TABLE XIV. SIMULATION RESULT ON DESIGN AREA FOR 8 CORES

| Clk Cycle<br>(ns) | DC (µm²)      | ICC (μm²)     |  |
|-------------------|---------------|---------------|--|
| 5                 | 864538.025198 | 900975.410968 |  |
| 10                | 824657.814330 | 793033.730175 |  |
| 15                | 837308.114419 | 807217.500337 |  |
| 20                | 838642.000128 | 806595.463147 |  |
| 25                | 838585.451337 | 806565.525556 |  |
| 50                | 838459.048120 | 806771.762359 |  |

All results design area for each core are always changing at different frequency. In low frequency, simulation area for ICC is lower than DC in all single and multicore. This happen because optimization of area in DC is only like the first size estimation because it synthesizes the design into a gate-level netlist while still meeting the constraints. It uses virtual wiring routing to connect every block. In ICC, it uses real interconnection and real layout according to the standard cell library. This standard cell library is the representation of the physical shapes that will be fabricated. It also contains timing information about the function such as delay and input pin capacitance that are used to calculate output load. But the result in high frequency shows the area in ICC is larger than DC at all cores. This happen because in ICC synthesis, in order to meet the design specification, the standard cell library will use high drive cell that are able to operate in high frequency. High drive cells are needed because it has bigger width that will allow more electrons to flow and made it compatible for high frequency.

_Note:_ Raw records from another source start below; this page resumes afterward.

lemma S_strictly_lightest:
  fixes \<epsilon> :: real
  assumes gap: "\<And>T. T \<subseteq> {1..n} \<Longrightarrow> G T \<Longrightarrow> m \<in> T \<Longrightarrow> sum w S < sum w T
      \<Longrightarrow> sum w S + \<epsilon> \<le> sum w T"
    and "0 \<le> \<epsilon>" and T: "T \<subseteq> {1..n}" "G T" "m \<in> T" "T \<noteq> S"
  shows "sum w S + \<epsilon> \<le> sum w T + \<epsilon> * card (T - S)"
proof (cases "sum w S < sum w T")
  case True
  moreover have "0 \<le> \<epsilon> * card (T - S)" using \<open>0 \<le> \<epsilon>\<close> by simp
  ultimately show ?thesis using gap[OF T(1-3)] by linarith
next
  case False
  then have "sum w T = sum w S" using S_min_weight[OF T(1-3)] by simp
  then have "card S \<le> card T" using S_min_card[OF T(1-3)] by simp
  have fin: "finite S" "finite T" using S_winning(1) T(1) by (auto intro: finite_subset)
  have "\<not> T \<subseteq> S"
    using psubset_card_mono[OF fin(1), of T] \<open>card S \<le> card T\<close> T(4) by auto
  then have "1 \<le> card (T - S)" using fin by (simp add: Suc_le_eq card_gt_0_iff)
  then have "\<epsilon> \<le> \<epsilon> * card (T - S)"
    using \<open>0 \<le> \<epsilon>\<close> mult_left_mono[of 1 "real (card (T - S))" \<epsilon>] by simp
  then show ?thesis using \<open>sum w T = sum w S\<close> by simp
qed

lemma weighted_rep_perturbed:
  fixes \<epsilon> :: real
  assumes "0 < \<epsilon>"
    and losing: "\<And>T. T \<subseteq> {1..n} \<Longrightarrow> \<not> G T \<Longrightarrow> sum w T + \<epsilon> * n < q"
    and gap: "\<And>T. T \<subseteq> {1..n} \<Longrightarrow> G T \<Longrightarrow> m \<in> T \<Longrightarrow> sum w S < sum w T
      \<Longrightarrow> sum w S + \<epsilon> \<le> sum w T"
  shows "weighted_rep n reduced q (perturbed \<epsilon>)"
proof -
  have "q \<le> sum w S" using S_winning weighted_repD(3)[OF rep] by blast
  have "reduced T \<longleftrightarrow> q \<le> sum (perturbed \<epsilon>) T" if T: "T \<subseteq> {1..n}" for T
  proof -
    define T' where "T' = T \<inter> {..m}"
    define k where "k = card (T' - S)"
    have T': "T' \<subseteq> {1..n}" using T unfolding T'_def by auto
    have "k \<le> n"
      using card_mono[of "{1..n}" "T' - S"] T' unfolding k_def by auto
    then have "\<epsilon> * k \<le> \<epsilon> * n" using \<open>0 < \<epsilon>\<close> by simp
    have sum: "sum (perturbed \<epsilon>) T = sum w T' + \<epsilon> * k - (if m \<in> T' then sum w S - q + \<epsilon> / 2 else 0)"
      using sum_perturbed[OF T] unfolding T'_def k_def by simp
    consider "\<not> G T'" | "G T'" "m \<notin> T'" | "T' = S" | "G T'" "m \<in> T'" "T' \<noteq> S"
      by blast
    then show ?thesis
    proof cases
      case 1
      have "sum w T' + \<epsilon> * k < q" using losing[OF T' 1] \<open>\<epsilon> * k \<le> \<epsilon> * n\<close> by linarith
      moreover have "0 \<le> (if m \<in> T' then sum w S - q + \<epsilon> / 2 else 0)"
        using \<open>q \<le> sum w S\<close> \<open>0 < \<epsilon>\<close> by simp
      ultimately have "sum (perturbed \<epsilon>) T < q" using sum by linarith
      then show ?thesis using reduced_iff[OF T] 1 unfolding T'_def by simp
    next
      case 2
      have "0 \<le> \<epsilon> * k" using \<open>0 < \<epsilon>\<close> by simp
      moreover have "q \<le> sum w T'" using weighted_repD(3)[OF rep T'] 2 by simp
      ultimately have "q \<le> sum (perturbed \<epsilon>) T" using sum 2 by simp
      moreover have "T' \<noteq> S" using 2 S_winning(3) by auto
      ultimately show ?thesis using reduced_iff[OF T] 2 unfolding T'_def by simp
    next
      case 3
      then show ?thesis
        using sum \<open>0 < \<epsilon>\<close> reduced_iff[OF T] S_winning(3) unfolding T'_def k_def by auto
    next
      case 4
      then show ?thesis
        using sum S_strictly_lightest[OF gap _ T' 4] \<open>0 < \<epsilon>\<close> reduced_iff[OF T]
        unfolding T'_def k_def by auto
    qed
  qed
  moreover have "0 \<le> perturbed \<epsilon> i" if "i \<in> {1..n}" for i
  proof -
    have "\<epsilon> / 2 \<le> \<epsilon> * n" using \<open>0 < \<epsilon>\<close> m_range by (simp add: mult_le_cancel_left1)
    then have "sum w S - q + \<epsilon> / 2 < w m" using weight_m_bound[OF losing] by simp
    then show ?thesis
      using that weighted_repD(2)[OF rep] \<open>0 < \<epsilon>\<close> S_winning(3) unfolding perturbed_def by auto
  qed
  ultimately show ?thesis
    using weighted_repD(1)[OF rep] unfolding weighted_rep_def by blast
qed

| LATENCY | THROUGHPUT (MHz) |         |         |         |
|---------|------------------|---------|---------|---------|
| (ns)    | Single           | 2 cores | 4 cores | 8 cores |
| 5       | 0.20             | 0.40    | 0.80    | 1.60    |
| 10      | 0.10             | 0.20    | 0.40    | 0.80    |
| 15      | 0.07             | 0.12    | 0.27    | 0.53    |
| 20      | 0.05             | 0.10    | 0.20    | 0.40    |
| 25      | 0.04             | 0.08    | 0.16    | 0.32    |
| 50      | 0.02             | 0.04    | 0.08    | 0.16    |

Figure 21. The Throughput data for all cores

Fig. 21 show the throughput data for single, 2, 4 and 8 cores. Throughput data on 8 cores is higher than other cores in every latency. It shows that the throughput in high number of cores is greater than the lower number of core.

### V. CONCLUSION

All the design of matrix filling module and multicore architecture has been successfully constructed. The output for every core is exactly correct according to the sensitivity of Smith Waterman algorithm. The entire project's objectives have been successfully achieved. The timing analysis shows the best clock cycle that suitable for this design is from 15 ns and above since there is no violation occurs. Power consumption increases in high frequency because a faster switching activity is needed in every module in order to meet the specifications. The real area of the design is measured in ICC synthesis because it uses standard cell library to optimize every module. This design also has been developed using ASIC design flow from RTL coding until GDSII level. Finally, the overall IC layout is illustrated in Fig. 20.

### REFERENCES

- [1] E. Willett, *Genetics Demystified*. United States of America: McGraw Hill, 2006.
- [2] S. A. M. Al Junid, M. A. Haron, Z. Abd Majid, F. N. Osman, H. Hashim, M. F. M. Idros, and M. R. Dohad, "Optimization of DNA Sequences Data to Accelerate DNA Sequence Alignment on FPGA," in Mathematical/Analytical Modelling and Computer Simulation (AMS), 2010 Fourth Asia International Conference on, pp. 231-236
- [3] F. ZHANG, X.-Z. QIAO, and Z.-Y. LIU, "A Parallel Smith-Waterman Algorithm Based on Divide and Conquer," in *Proceedings of the Fifth International Conference on Algorithms and Architectures for Parallel Processing*: IEEE, 2002, p. 8.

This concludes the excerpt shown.